Research on dynamic optimization in the chemical engineering literature alone has produced a number of representative examples which are nonconvex and display multiple suboptimal local minima. Moreover, the absence of an analytical solution to the embedded dynamic system in all but trivial cases makes it extremely difficult to determine whether a given problem is convex or not. These considerations motivate the development of global optimization algorithms for problems with dynamic systems embedded. This need is further compounded by the observation that local optima do not provide meaningful information for many important applications, including safety verification problems and parameter estimation problems in the context of model falsification.
Previous literature has primarily treated optimization problems with DAEs embedded using local methods or stochastic global methods which cannot guarantee global optimality. Another simple approach is to discretize the embedded DAEs in order to reduce the original dynamic optimization problem to a standard nonlinear program, which can be solved to global optimality using existing methods. However, an accurate representation of the embedded dynamics requires a fine discretization, which results in the addition of too many variables for practical global optimization, even for very simple problems. A more customized approach, which does not require discretization, uses a branch-and-bound optimization strategy in conjunction with a theory for constructing convex underestimating programs using second order sensitivities of the embedded DAEs. Though this method appears to produce the global solution for simple test cases, it employs a sampling procedure to obtain global information about the second order sensitivities, and hence cannot guarantee global optimality in the general case.
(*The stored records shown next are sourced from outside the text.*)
lemma circ_norm_rot_funpow: "circ_norm ((rot b ^^ n) x - y) = circ_norm (x - y + real n * b)"
proof -
  obtain i where "(rot b ^^ n) x = x + real n * b + of_int i" using rot_funpow by blast
  then have "(rot b ^^ n) x - y = (x - y + real n * b) + of_int i" by simp
  then show ?thesis by (metis circ_norm_add_of_int)
qed

locale lacunary_divisor_chain =
  fixes q :: "nat \<Rightarrow> nat"
  assumes pos_0: "0 < q 0"
    and dvd_Suc: "q k dvd q (Suc k)"
    and growth: "2 ^ Suc k * q k \<le> q (Suc k)"
begin

definition sum_recip :: real where
  "sum_recip = (\<Sum>k. 1 / real (q k))"

lemma pos: "0 < q k"
proof (induction k)
  case (Suc k)
  then show ?case
    using growth[of k] by (metis less_le_trans nat_0_less_mult_iff zero_less_power zero_less_numeral)
qed (rule pos_0)

lemma double_le: "2 * q k \<le> q (Suc k)"
  using growth[of k] order_trans[OF mult_le_mono1[of 2 "2 ^ Suc k" "q k"]] by simp

lemma dvd: "j \<le> k \<Longrightarrow> q j dvd q k"
proof (induction k)
  case (Suc k)
  then show ?case using dvd_Suc[of k] by (auto simp: le_Suc_eq intro: dvd_trans)
qed simp

lemma recip_shift_le: "1 / real (q (j + i)) \<le> (1/2) ^ i / real (q j)"
proof -
  have "2 ^ i * q j \<le> q (j + i)"
  proof (induction i)
    case (Suc i)
    then show ?case using double_le[of "j + i"] by simp
  qed simp
  then have "2 ^ i * real (q j) \<le> real (q (j + i))"
    by (metis of_nat_le_iff of_nat_mult of_nat_numeral of_nat_power)
  then show ?thesis using pos[of j] pos[of "j + i"] by (simp add: field_simps)
qed

lemma summable_recip_shift: "summable (\<lambda>k. 1 / real (q (k + j)))"
  by (rule summable_comparison_test'[where g = "\<lambda>k. (1/2) ^ k / real (q j)"])
    (use recip_shift_le[of j] in \<open>auto simp: add.commute intro: summable_divide summable_geometric\<close>)

lemma sum_recip_split:
  "sum_recip = (\<Sum>k<Suc m. 1 / real (q k)) + (\<Sum>k. 1 / real (q (k + Suc m)))"
  using suminf_split_initial_segment[OF summable_recip_shift[of 0], of "Suc m"]
  by (simp add: sum_recip_def)

lemma tail_pos: "0 < (\<Sum>k. 1 / real (q (k + Suc m)))"
  by (rule suminf_pos[OF summable_recip_shift]) (simp add: pos)

lemma tail_le: "(\<Sum>k. 1 / real (q (k + Suc m))) \<le> 2 / real (q (Suc m))"
proof -
  have "(\<Sum>k. 1 / real (q (k + Suc m))) \<le> (\<Sum>k. (1/2) ^ k / real (q (Suc m)))"
    by (rule suminf_le[OF _ summable_recip_shift summable_divide[OF summable_geometric]])
      (use recip_shift_le[of "Suc m"] in \<open>auto simp: add.commute\<close>)
  also have "\<dots> = 2 / real (q (Suc m))"
    using suminf_divide[OF summable_geometric[of "1/2::real"]] suminf_geometric[of "1/2::real"]
    by simp
  finally show ?thesis .
qed

lemma partial_sum_scaled_Ints: "real (q m) * (\<Sum>k<Suc m. 1 / real (q k)) \<in> \<int>"
proof -
  have "real (q m) * (\<Sum>k<Suc m. 1 / real (q k)) = (\<Sum>k<Suc m. real (q m div q k))"
    unfolding sum_distrib_left
    by (intro sum.cong) (auto simp: real_of_nat_div dvd pos)
  then show ?thesis by (metis Ints_of_nat of_nat_sum)
qed

lemma circ_norm_add_mult_sum_recip_ge:
  "circ_norm (real (q m) * z) / real (q m) - 2 * real n / real (q (Suc m))
     \<le> circ_norm (z + real n * sum_recip)"
proof -
  define S where "S = (\<Sum>k<Suc m. 1 / real (q k))"
  define e where "e = (\<Sum>k. 1 / real (q (k + Suc m)))"
  have qm: "real (q m) > 0" using pos[of m] by simp
  obtain P where P: "real (q m) * S = of_int P"
    using partial_sum_scaled_Ints[of m] unfolding S_def by (auto elim: Ints_cases)
  have "real (q m) * (z + real n * S) = real (q m) * z + real n * (real (q m) * S)"
    by (simp add: algebra_simps)
  then have "circ_norm (real (q m) * z) = circ_norm (real (q m) * (z + real n * S))"
    using P circ_norm_add_of_int[of "real (q m) * z" "int n * P"] by simp
  also have "\<dots> \<le> real (q m) * circ_norm (z + real n * S)"
    by (rule circ_norm_of_nat_mult_le)
  finally have "circ_norm (real (q m) * z) / real (q m) \<le> circ_norm (z + real n * S)"
    using qm by (simp add: field_simps)
  moreover have "circ_norm (z + real n * S) - \<bar>real n * e\<bar> \<le> circ_norm (z + real n * sum_recip)"
    using circ_norm_add_ge[of "z + real n * S" "real n * e"] sum_recip_split[of m]
    by (simp add: S_def e_def algebra_simps)
  moreover have "\<bar>real n * e\<bar> \<le> 2 * real n / real (q (Suc m))"
    using tail_pos[of m] mult_left_mono[OF tail_le[of m], of "real n"] by (simp add: e_def mult.commute)
  ultimately show ?thesis by linarith
qed

lemma sum_recip_irrational: "sum_recip \<notin> \<rat>"
proof
  assume "sum_recip \<in> \<rat>"
  then obtain a :: int and b :: nat where b: "b > 0" and ab: "sum_recip = of_int a / of_nat b"
    by (metis Rats_cases' of_int_of_nat_eq zero_less_imp_eq_int)
  define e where "e = (\<Sum>k. 1 / real (q (k + Suc b)))"
  define x where "x = real b * real (q b) * e"
  have qb: "real (q b) > 0" using pos[of b] by simp
  have "x = of_int (a * int (q b)) - real b * (real (q b) * (\<Sum>k<Suc b. 1 / real (q k)))"
    using sum_recip_split[of b] b unfolding x_def e_def ab by (simp add: field_simps)
  then have "x \<in> \<int>" using partial_sum_scaled_Ints[of b] by simp
  moreover have "x > 0" using b qb tail_pos[of b] by (simp add: x_def e_def)
  moreover have "x < 1"
  proof -
    have "x \<le> real b * real (q b) * (2 / real (q (Suc b)))"
      unfolding x_def e_def using tail_le[of b] by (intro mult_left_mono) auto
    also have "\<dots> \<le> real b * real (q b) * (2 / (2 ^ Suc b * real (q b)))"
    proof -
      have "2 ^ Suc b * real (q b) \<le> real (q (Suc b))"
        using growth[of b] by (metis of_nat_le_iff of_nat_mult of_nat_numeral of_nat_power)
      then show ?thesis using qb pos[of "Suc b"] by (intro mult_left_mono divide_left_mono) auto
    qed
    also have "\<dots> = real b / 2 ^ b" using qb by (simp add: field_simps)
    also have "\<dots> < 1" using of_nat_less_two_power[of b] by simp
    finally show ?thesis .
  qed
  ultimately show False by (metis Ints_cases of_int_0_less_iff of_int_less_1_iff not_le zero_less_iff_neq_zero int_one_le_iff_zero_less)
qed

end

lemma emeasure_UN_ball_le:
  fixes c :: "'i \<Rightarrow> real"
  assumes "finite I" "0 \<le> r"
  shows "emeasure lborel (\<Union>i\<in>I. ball (c i) r) \<le> ennreal (real (card I) * (2 * r))"
proof -
  have "emeasure lborel (\<Union>i\<in>I. ball (c i) r) \<le> (\<Sum>i\<in>I. emeasure lborel (ball (c i) r))"
    using assms by (intro emeasure_subadditive_finite) auto
  also have "\<dots> = (\<Sum>i\<in>I. ennreal (2 * r))"
    using assms by (intro sum.cong) (auto simp: ball_eq_greaterThanLessThan)
  finally show ?thesis using assms by (simp add: ennreal_of_nat_eq_real_of_nat ennreal_mult)
qed

definition grid_balls :: "real \<Rightarrow> nat \<Rightarrow> real \<Rightarrow> real set" where
  "grid_balls x q \<epsilon> = (\<Union>j\<in>{- int q - 1 .. int q + 1}. ball (x - of_int j / real q) (\<epsilon> / real q))"

lemma grid_balls_sets: "grid_balls x q \<epsilon> \<in> sets borel"
proof -
  have "open (grid_balls x q \<epsilon>)" unfolding grid_balls_def by (intro open_UN) auto
  then show ?thesis by simp
qed

lemma emeasure_grid_balls_le:
  assumes "0 < q" "0 \<le> \<epsilon>"
  shows "emeasure lborel (grid_balls x q \<epsilon>) \<le> ennreal (10 * \<epsilon>)"
proof -
  have "emeasure lborel (grid_balls x q \<epsilon>) \<le> ennreal ((2 * real q + 3) * (2 * (\<epsilon> / real q)))"
    using emeasure_UN_ball_le[of "{- int q - 1 .. int q + 1}" "\<epsilon> / real q"
        "\<lambda>j. x - of_int j / real q"] assms
    unfolding grid_balls_def by (simp add: algebra_simps)
  also have "\<dots> \<le> ennreal (10 * \<epsilon>)"
    using assms mult_left_mono[of 1 "real q" \<epsilon>] by (intro ennreal_leI) (simp add: field_simps)
  finally show ?thesis .
qed

lemma circ_norm_less_imp_mem_grid_balls:
  assumes "0 < q" "\<bar>x - y\<bar> < 1" "circ_norm (real q * (x - y)) < \<epsilon>"
  shows "y \<in> grid_balls x q \<epsilon>"
proof -
  define j where "j = round (real q * (x - y))"
  have close: "\<bar>real q * (x - y) - of_int j\<bar> < \<epsilon>"
    using assms(3) by (simp add: circ_norm_eq_abs_round j_def)
  have "\<bar>real q * (x - y) - of_int j\<bar> \<le> 1/2"
    unfolding j_def using of_int_round_abs_le by (simp add: abs_minus_commute)
  moreover have "\<bar>real q * (x - y)\<bar> < real q"
    using assms(1,2) by (simp add: abs_mult)
  ultimately have "\<bar>real_of_int j\<bar> < real q + 1" by linarith
  then have "real_of_int \<bar>j\<bar> < real_of_int (int q + 1)" by simp
  then have "\<bar>j\<bar> < int q + 1" by (simp only: of_int_less_iff)
  then have "j \<in> {- int q - 1 .. int q + 1}" by auto
  moreover have "dist y (x - of_int j / real q) < \<epsilon> / real q"
  proof -
    have "dist y (x - of_int j / real q) = \<bar>real q * (x - y) - of_int j\<bar> / real q"
      using assms(1) by (simp add: dist_real_def field_simps abs_div[symmetric] abs_minus_commute)
    then show ?thesis using close assms(1) by (simp add: divide_strict_right_mono)
  qed
  ultimately show ?thesis unfolding grid_balls_def by (auto simp: dist_commute)
qed
(* In the setting below, if $C$ is Euclidean LCD, then $g(x)$ is self-reciprocal.
   Context: Let $q$ be a prime power, $F=\mathbb{F}_q$, $m\ge1$ with $\gcd(q,m)=1$, and $R=F[x]/\langle x^m-1\rangle$; elements of $R$ are represented by polynomials of degree $<m$ and identified with their coefficient vectors in $F^m$. A quasi-cyclic code of length $2m$ and index $2$ is an $R$-submodule $C\subseteq R^2$. The Euclidean inner product of $(a_1,a_2),(b_1,b_2)\in R^2$ is the sum of the standard dot products of the coefficient vectors of $a_1,b_1$ and of $a_2,b_2$; $C$ is Euclidean LCD if $C\cap C^{\perp_e}=\{0\}$. For a nonzero polynomial $f$ of degree $k$, $f^*(x)=x^kf(x^{-1})$; $f$ is self-reciprocal if $f^*=\alpha f$ for some $\alpha\in F$. Suppose $C$ is generated as an $R$-module by $(g_{11}(x),g_{12}(x))$ and $(0,g_{22}(x))$, where $g_{11},g_{12},g_{22}\in F[x]$ satisfy: $g_{11}\mid x^m-1$, $g_{22}\mid x^m-1$, $\deg g_{12}<\deg g_{22}$, and $g_{11}g_{22}\mid (x^m-1)g_{12}$. Let $g=\gcd(g_{11},g_{22})$. *)

theory Defs
  imports "HOL-Computational_Algebra.Polynomial" "HOL-Computational_Algebra.Polynomial_Factorial" "HOL-Library.Cardinality"
begin

definition xm1 :: "nat \<Rightarrow> 'a::field poly" where
  "xm1 m = monom 1 m - 1"

text \<open>R^2, elements of R = F[x]/(x^m-1) represented by polynomials of degree < m.\<close>
definition R2 :: "nat \<Rightarrow> ('a::field poly \<times> 'a poly) set" where
  "R2 m = {(a, b). degree a < m \<and> degree b < m}"

definition qc_code :: "nat \<Rightarrow> 'a::field poly \<Rightarrow> 'a poly \<Rightarrow> 'a poly \<Rightarrow> ('a poly \<times> 'a poly) set" where
  "qc_code m g11 g12 g22 =
     {((r1 * g11) mod xm1 m, (r1 * g12 + r2 * g22) mod xm1 m) | r1 r2. True}"

definition euclid_ip :: "nat \<Rightarrow> ('a::field poly \<times> 'a poly) \<Rightarrow> ('a poly \<times> 'a poly) \<Rightarrow> 'a" where
  "euclid_ip m u v =
     (\<Sum>i<m. coeff (fst u) i * coeff (fst v) i) + (\<Sum>i<m. coeff (snd u) i * coeff (snd v) i)"

definition euclid_dual :: "nat \<Rightarrow> ('a::field poly \<times> 'a poly) set \<Rightarrow> ('a poly \<times> 'a poly) set" where
  "euclid_dual m C = {v \<in> R2 m. \<forall>c\<in>C. euclid_ip m c v = 0}"

definition euclid_LCD :: "nat \<Rightarrow> ('a::field poly \<times> 'a poly) set \<Rightarrow> bool" where
  "euclid_LCD m C \<longleftrightarrow> C \<inter> euclid_dual m C = {(0, 0)}"

text \<open>f^*(x) = x^(deg f) f(1/x) is the library's reflect_poly.\<close>
definition self_reciprocal :: "'a::field poly \<Rightarrow> bool" where
  "self_reciprocal f \<longleftrightarrow> f \<noteq> 0 \<and> (\<exists>\<alpha>. reflect_poly f = smult \<alpha> f)"

end

(*
  Since m is a unit in F, x^m - 1 is squarefree; hence g = gcd g11 g22 is coprime to
  (x^m - 1)/g, and g11 g22 | (x^m - 1) g12 forces g | g12, so g divides both components of
  every codeword. As x^m - 1 is anti-self-reciprocal, x^m - 1 = u g^* for some u. The Euclidean
  inner product of a, b in R is the coefficient of x^(m-1) in a times the reversal of b, taken
  mod x^m - 1; for b a multiple of g this product is a multiple of u g^* when a is a multiple of
  u, so u R x u R is orthogonal to C. The codewords (u g11, u g12) and (0, u g22) thus lie in
  C \<inter> C^perp, and the LCD property makes them vanish: g^* divides g11 and g22, hence g.
  Since g(0) \<noteq> 0, g^* has the degree of g and is a scalar multiple of it.
*)
theory Submission
  imports Defs "HOL-Computational_Algebra.Squarefree"
begin
(* For all integers $n>1$ and $k>n$ we have $3F(n,k)\le2F(n,k+1)$, with equality if and only if $n=2$ and $k=4$.
   Context: For positive integers $n,k$, the generalized Fibonacci numbers are defined by $F(n,k)=0$ if $1\le k<n$, $F(n,k)=1$ if $k=n$, and $F(n,k)=\sum_{j=1}^nF(n,k-j)$ if $k>n$. *)

theory Defs
  imports Main
begin

text \<open>Generalized Fibonacci numbers F(n,k). The paper defines them for positive n, k;
  the value at k = 0 is an irrelevant artefact of totality.\<close>
function genfib :: "nat \<Rightarrow> nat \<Rightarrow> nat" where
  "genfib n k = (if k < n then 0 else if k = n then 1
                 else (\<Sum>j=1..n. genfib n (k - j)))"
  by auto
termination
  by (relation "measure (\<lambda>(n,k). k)") auto

end

theory Submission
  imports Defs
begin

text \<open>The recurrence telescopes to \<open>F(n,k+1) = 2F(n,k) - F(n,k-n)\<close>, so the inequality is
  equivalent to \<open>2F(n,k-n) \<le> F(n,k)\<close>. For \<open>k > 2n\<close> this holds strictly because
  \<open>F(n,k) \<ge> F(n,k-1) + F(n,k-2) > 2F(n,k-2) \<ge> 2F(n,k-n)\<close>; for \<open>k < 2n\<close> the left side vanishes;
  and for \<open>k = 2n\<close> the closed form \<open>F(n,n+j) = 2^(j-1)\<close> \<open>(1 \<le> j \<le> n)\<close> gives
  \<open>2 \<le> 2^(n-1)\<close>, with equality exactly for \<open>n = 2\<close>.\<close>

declare genfib.simps [simp del]

lemma genfib_below [simp]: "k < n \<Longrightarrow> genfib n k = 0"
  by (subst genfib.simps) simp

lemma genfib_diag [simp]: "genfib n n = 1"
  by (subst genfib.simps) simp

lemma genfib_above: "n < k \<Longrightarrow> genfib n k = (\<Sum>j=1..n. genfib n (k - j))"
  by (subst genfib.simps) simp

lemma mono_genfib:
  assumes "0 < n"
  shows "mono (genfib n)"
  unfolding mono_iff_le_Suc
proof
  fix m
  show "genfib n m \<le> genfib n (Suc m)"
  proof (cases "m < n")
    case False
    have "genfib n (Suc m - 1) \<le> (\<Sum>j=1..n. genfib n (Suc m - j))"
      by (rule member_le_sum) (use assms in auto)
    with False show ?thesis
      by (simp add: genfib_above)
  qed simp
qed

lemma genfib_pos: "0 < n \<Longrightarrow> n \<le> k \<Longrightarrow> 0 < genfib n k"
  using monoD [OF mono_genfib, of n n k] by simp

lemma genfib_Suc_add_shift:
  assumes "0 < n" "n < k"
  shows "genfib n (Suc k) + genfib n (k - n) = 2 * genfib n k"
proof -
  obtain p where p: "n = Suc p"
    using assms by (cases n) auto
  have "genfib n (Suc k) = genfib n k + (\<Sum>j=Suc 1..Suc p. genfib n (Suc k - j))"
    using assms p by (simp add: genfib_above sum.atLeast_Suc_atMost)
  also have "(\<Sum>j=Suc 1..Suc p. genfib n (Suc k - j)) = (\<Sum>j=1..p. genfib n (k - j))"
    by (simp only: sum.shift_bounds_cl_Suc_ivl) simp
  also have "(\<Sum>j=1..p. genfib n (k - j)) = genfib n k - genfib n (k - n)"
    using assms p by (simp add: genfib_above)
  finally show ?thesis
    using assms p by (simp add: genfib_above)
qed

lemma genfib_Suc_diag: "0 < n \<Longrightarrow> genfib n (Suc n) = 1"
  by (auto simp: genfib_above sum.atLeast_Suc_atMost intro!: sum.neutral)

lemma genfib_Suc_diag_add:
  assumes "j < n"
  shows "genfib n (Suc (n + j)) = 2 ^ j"
  using assms
proof (induction j)
  case 0
  then show ?case by (simp add: genfib_Suc_diag)
next
  case (Suc j)
  have "genfib n (Suc (Suc (n + j))) + genfib n (Suc j) = 2 * genfib n (Suc (n + j))"
    using genfib_Suc_add_shift [of n "Suc (n + j)"] Suc.prems by simp
  with Suc show ?case by simp
qed

lemma genfib_ge_two_predecessors:
  assumes "2 \<le> n" "n < m"
  shows "genfib n (m - 1) + genfib n (m - 2) \<le> genfib n m"
proof -
  have "genfib n (m - 1) + genfib n (m - 2) = (\<Sum>j\<in>{1,2}. genfib n (m - j))"
    by simp
  also have "\<dots> \<le> (\<Sum>j=1..n. genfib n (m - j))"
    by (rule sum_mono2) (use assms in auto)
  finally show ?thesis
    using assms by (simp add: genfib_above)
qed

lemma genfib_less_Suc:
  assumes "2 \<le> n" "n < m"
  shows "genfib n m < genfib n (Suc m)"
proof -
  have "genfib n m + genfib n (m - 1) \<le> genfib n (Suc m)"
    using genfib_ge_two_predecessors [of n "Suc m"] assms by simp
  moreover have "0 < genfib n (m - 1)"
    using genfib_pos [of n "m - 1"] assms by simp
  ultimately show ?thesis by simp
qed

lemma genfib_double_shift_less:
  assumes "1 < n" "n < k" "\<not> (n = 2 \<and> k = 4)"
  shows "2 * genfib n (k - n) < genfib n k"
proof -
  consider "k < 2 * n" | "k = 2 * n" | "2 * n < k" by linarith
  then show ?thesis
  proof cases
    case 1
    then show ?thesis
      using genfib_pos [of n k] assms by simp
  next
    case 2
    then have "3 \<le> n" using assms by auto
    then have "2 < (2::nat) ^ (n - 1)"
      using power_strict_increasing [of 1 "n - 1" "2::nat"] by simp
    moreover have "genfib n k = 2 ^ (n - 1)"
      using genfib_Suc_diag_add [of "n - 1" n] 2 assms by (simp add: mult_2)
    ultimately show ?thesis
      using 2 by (simp add: mult_2)
  next
    case 3
    have "genfib n (k - 2) < genfib n (k - 1)"
      using genfib_less_Suc [of n "k - 2"] 3 assms by (simp add: Suc_diff_Suc numeral_2_eq_2)
    moreover have "genfib n (k - n) \<le> genfib n (k - 2)"
      using monoD [OF mono_genfib, of n "k - n" "k - 2"] assms by simp
    moreover have "genfib n (k - 1) + genfib n (k - 2) \<le> genfib n k"
      using genfib_ge_two_predecessors assms by simp
    ultimately show ?thesis by simp
  qed
qed

theorem mainTheorem16:
  fixes n k :: nat
  assumes "n > 1" and "k > n"
  shows "3 * genfib n k \<le> 2 * genfib n (k + 1)
         \<and> (3 * genfib n k = 2 * genfib n (k + 1) \<longleftrightarrow> n = 2 \<and> k = 4)"
proof -
  have recurrence: "genfib n (k + 1) + genfib n (k - n) = 2 * genfib n k"
    using genfib_Suc_add_shift assms by simp
  show ?thesis
  proof (cases "n = 2 \<and> k = 4")
    case True
    have "genfib 2 4 = 2"
      using genfib_Suc_diag_add [of 1 2] by (simp add: numeral_eq_Suc)
    with True recurrence show ?thesis by simp
  next
    case False
    with genfib_double_shift_less assms recurrence show ?thesis by fastforce
  qed
qed

end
The method presented in this work uses recent extensions of McCormick's relaxation theory to construct convex and concave relaxations of the solutions of nonlinear systems of DAEs. Using these relaxations, existing techniques can be used to construct convex underestimating programs, which in turn enables the use of branch-and-bound global optimization techniques. Because no discretization is required, the proposed algorithm operates in the original decision space, without the introduction of additional variables. Moreover, global information concerning solutions of the dynamic system is obtained via the proposed relaxation theory, rather than through sampling. Accordingly, the proposed algorithm is fully deterministic.
This presentation describes the proposed algorithm, with particular focus on the construction of convex and concave relaxations of the solutions of the embedded DAEs, and performance is analyzed through chemical engineering examples.